**Problem requirements**
Starting at the top of the entries, restate word for word each line up to and including the one with "(\<forall>v :: nat".

Saved data entries
□ □ □ □
(* Let $n,m\in\mathbb N$ and $\tau_{-n+1},\dots,\tau_{n-1}\in M_m(\mathbb C)$, and let $T\in M_n(M_m(\mathbb C))$ be the block Toeplitz matrix whose $(i,j)$ block is $\tau_{i-j}$ ($0\le i,j\le n-1$). The following are equivalent: (1) $T$ is positive semidefinite; (2) for every function $F:S^1\to M_m(\mathbb C)$ of the form $F(z)=\sum_{k=-n+1}^{n-1}a_kz^k$ with $a_k\in M_m(\mathbb C)$ such that $F(z)$ is positive semidefinite for every $z\in S^1$, the matrix $\sum_{k=-n+1}^{n-1}\tau_{-k}\circ a_k$ is positive semidefinite.
   Context: $S^1$ is the unit circle; $a\circ b$ denotes the Schur–Hadamard (entrywise) product of $m\times m$ matrices. *)

theory Defs
  imports "HOL-Analysis.Analysis"
begin

text \<open>An m x m complex matrix is represented as a function nat => nat => complex;
  only the entries with indices below m are relevant.\<close>

type_synonym cmat = "nat \<Rightarrow> nat \<Rightarrow> complex"

definition psd :: "nat \<Rightarrow> cmat \<Rightarrow> bool" where
  "psd m A \<longleftrightarrow>
     (\<forall>i<m. \<forall>j<m. A j i = cnj (A i j)) \<and>
     (\<forall>v :: nat \<Rightarrow> complex.
        let q = (\<Sum>i<m. \<Sum>j<m. cnj (v i) * A i j * v j) in Im q = 0 \<and> 0 \<le> Re q)"

text \<open>The block Toeplitz matrix T in M_n(M_m(C)) with (i,j) block tau (i - j),
  identified with an (n*m) x (n*m) complex matrix: row index i*m+p,
  column index j*m+q (0 <= p,q < m).\<close>
definition block_toeplitz :: "nat \<Rightarrow> (int \<Rightarrow> cmat) \<Rightarrow> cmat" where
  "block_toeplitz m \<tau> = (\<lambda>r c. \<tau> (int (r div m) - int (c div m)) (r mod m) (c mod m))"
(* Let $m\ge 1$, $C>0$, let $\mathbf{y}\in\{-1,1\}^m$, let $\mathbf{Q}\in\mathbb{R}^{m\times m}$ be a symmetric positive semidefinite kernel matrix on the labeled nodes and let $Q_{t1},\dots,Q_{tm}\in\mathbb{R}$ be the kernel values between a test node $t$ and the labeled nodes. Let $\boldsymbol{\alpha}^*\in\mathcal{S}(\mathbf{y})$ and $\hat p_t=\sum_{i=1}^m y_i\alpha_i^*Q_{ti}$, and assume $\hat p_t\neq 0$. For $i\in[m]$ set $M_{u_i}=\sum_{j=1}^m C|Q_{ij}|-1$ and $M_{v_i}=\sum_{j=1}^m C|Q_{ij}|+1$. Consider the mixed-integer linear program $$P(\mathbf{y}):\ \min\ \operatorname{sign}(\hat p_t)\sum_{i=1}^m z_iQ_{ti}$$ over $\boldsymbol{\alpha},\tilde{\mathbf{y}},\mathbf{z},\mathbf{u},\mathbf{v}\in\mathbb{R}^m$, $\mathbf{y}',\mathbf{s},\mathbf{t}\in\{0,1\}^m$, $\mathbf{R}\in\mathbb{R}^{m\times m}$, subject to: $\sum_{i=1}^m(1-y_i\tilde y_i)\le 2\lfloor\epsilon m\rfloor$; and for all $i,j\in[m]$: $\tilde y_i=2y'_i-1$; $\sum_{j=1}^m R_{ij}Q_{ij}-1-u_i+v_i=0$; $u_i\ge0$, $v_i\ge 0$; $-C(1+\tilde y_i)\le R_{ij}+z_j\le C(1+\tilde y_i)$; $-C(1-\tilde y_i)\le R_{ij}-z_j\le C(1-\tilde y_i)$; $-\alpha_i\le z_i\le\alpha_i$; $\alpha_i-C(1-\tilde y_i)\le z_i\le C(1+\tilde y_i)-\alpha_i$; $u_i\le M_{u_i}s_i$; $\alpha_i\le C(1-s_i)$; $v_i\le M_{v_i}t_i$; $\alpha_i\ge Ct_i$. Then the prediction for node $t$ is certifiably robust against $\mathcal{A}(\mathbf{y})$ if the optimal value of $P(\mathbf{y})$ is greater than zero, and it is not certifiably robust otherwise. Equivalently, the optimal value of $P(\mathbf{y})$ equals $\min\{\operatorname{sign}(\hat p_t)\sum_{i=1}^m\tilde y_i\alpha_iQ_{ti} : \tilde{\mathbf{y}}\in\mathcal{A}(\mathbf{y}),\ \boldsymbol{\alpha}\in\mathcal{S}(\tilde{\mathbf{y}})\}$.
   Context: Binary classification with $m$ labeled nodes. For a label vector $\tilde{\mathbf{y}}\in\{-1,1\}^m$, the (bias-free) kernel SVM dual problem is $D(\tilde{\mathbf{y}}):\ \min_{\boldsymbol\alpha\in\mathbb{R}^m}-\sum_{i=1}^m\alpha_i+\tfrac12\sum_{i,j=1}^m\tilde y_i\tilde y_j\alpha_i\alpha_jQ_{ij}$ subject to $0\le\alpha_i\le C$ for all $i\in[m]$; $\mathcal{S}(\tilde{\mathbf{y}})$ denotes its set of optimal solutions. Given $\boldsymbol\alpha\in\mathcal{S}(\tilde{\mathbf{y}})$, the SVM's prediction score for a node $t$ is $p_t=\sum_{i=1}^m\tilde y_i\alpha_iQ_{ti}$ and its predicted class is $\operatorname{sign}(p_t)$. The adversary with budget $\epsilon\in[0,1]$ may choose any $\tilde{\mathbf{y}}\in\mathcal{A}(\mathbf{y})=\{\tilde{\mathbf{y}}\in\{-1,1\}^m:\|\tilde{\mathbf{y}}-\mathbf{y}\|_0\le\lfloor\epsilon m\rfloor\}$. The prediction for $t$ is certifiably robust if $\operatorname{sign}(\hat p_t)\,p_t>0$ for every $\tilde{\mathbf{y}}\in\mathcal{A}(\mathbf{y})$ and every $\boldsymbol\alpha\in\mathcal{S}(\tilde{\mathbf{y}})$ (a score of $0$ counts as a changed prediction). When $\mathbf{Q}$ is the neural tangent kernel of a network, this SVM coincides with the infinite-width network trained with soft-margin (hinge) loss and regularization constant $C$. *)

theory Defs
  imports Complex_Main
begin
□ □ □ □
**Task result**
(* Let $n,m\in\mathbb N$ and $\tau_{-n+1},\dots,\tau_{n-1}\in M_m(\mathbb C)$, and let $T\in M_n(M_m(\mathbb C))$ be the block Toeplitz matrix whose $(i,j)$ block is $\tau_{i-j}$ ($0\le i,j\le n-1$). The following are equivalent: (1) $T$ is positive semidefinite; (2) for every function $F:S^1\to M_m(\mathbb C)$ of the form $F(z)=\sum_{k=-n+1}^{n-1}a_kz^k$ with $a_k\in M_m(\mathbb C)$ such that $F(z)$ is positive semidefinite for every $z\in S^1$, the matrix $\sum_{k=-n+1}^{n-1}\tau_{-k}\circ a_k$ is positive semidefinite.
   Context: $S^1$ is the unit circle; $a\circ b$ denotes the Schur–Hadamard (entrywise) product of $m\times m$ matrices. *)

theory Defs
  imports "HOL-Analysis.Analysis"
begin

text \<open>An m x m complex matrix is represented as a function nat => nat => complex;
  only the entries with indices below m are relevant.\<close>

type_synonym cmat = "nat \<Rightarrow> nat \<Rightarrow> complex"

definition psd :: "nat \<Rightarrow> cmat \<Rightarrow> bool" where
  "psd m A \<longleftrightarrow>
     (\<forall>i<m. \<forall>j<m. A j i = cnj (A i j)) \<and>
     (\<forall>v :: nat \<Rightarrow> complex.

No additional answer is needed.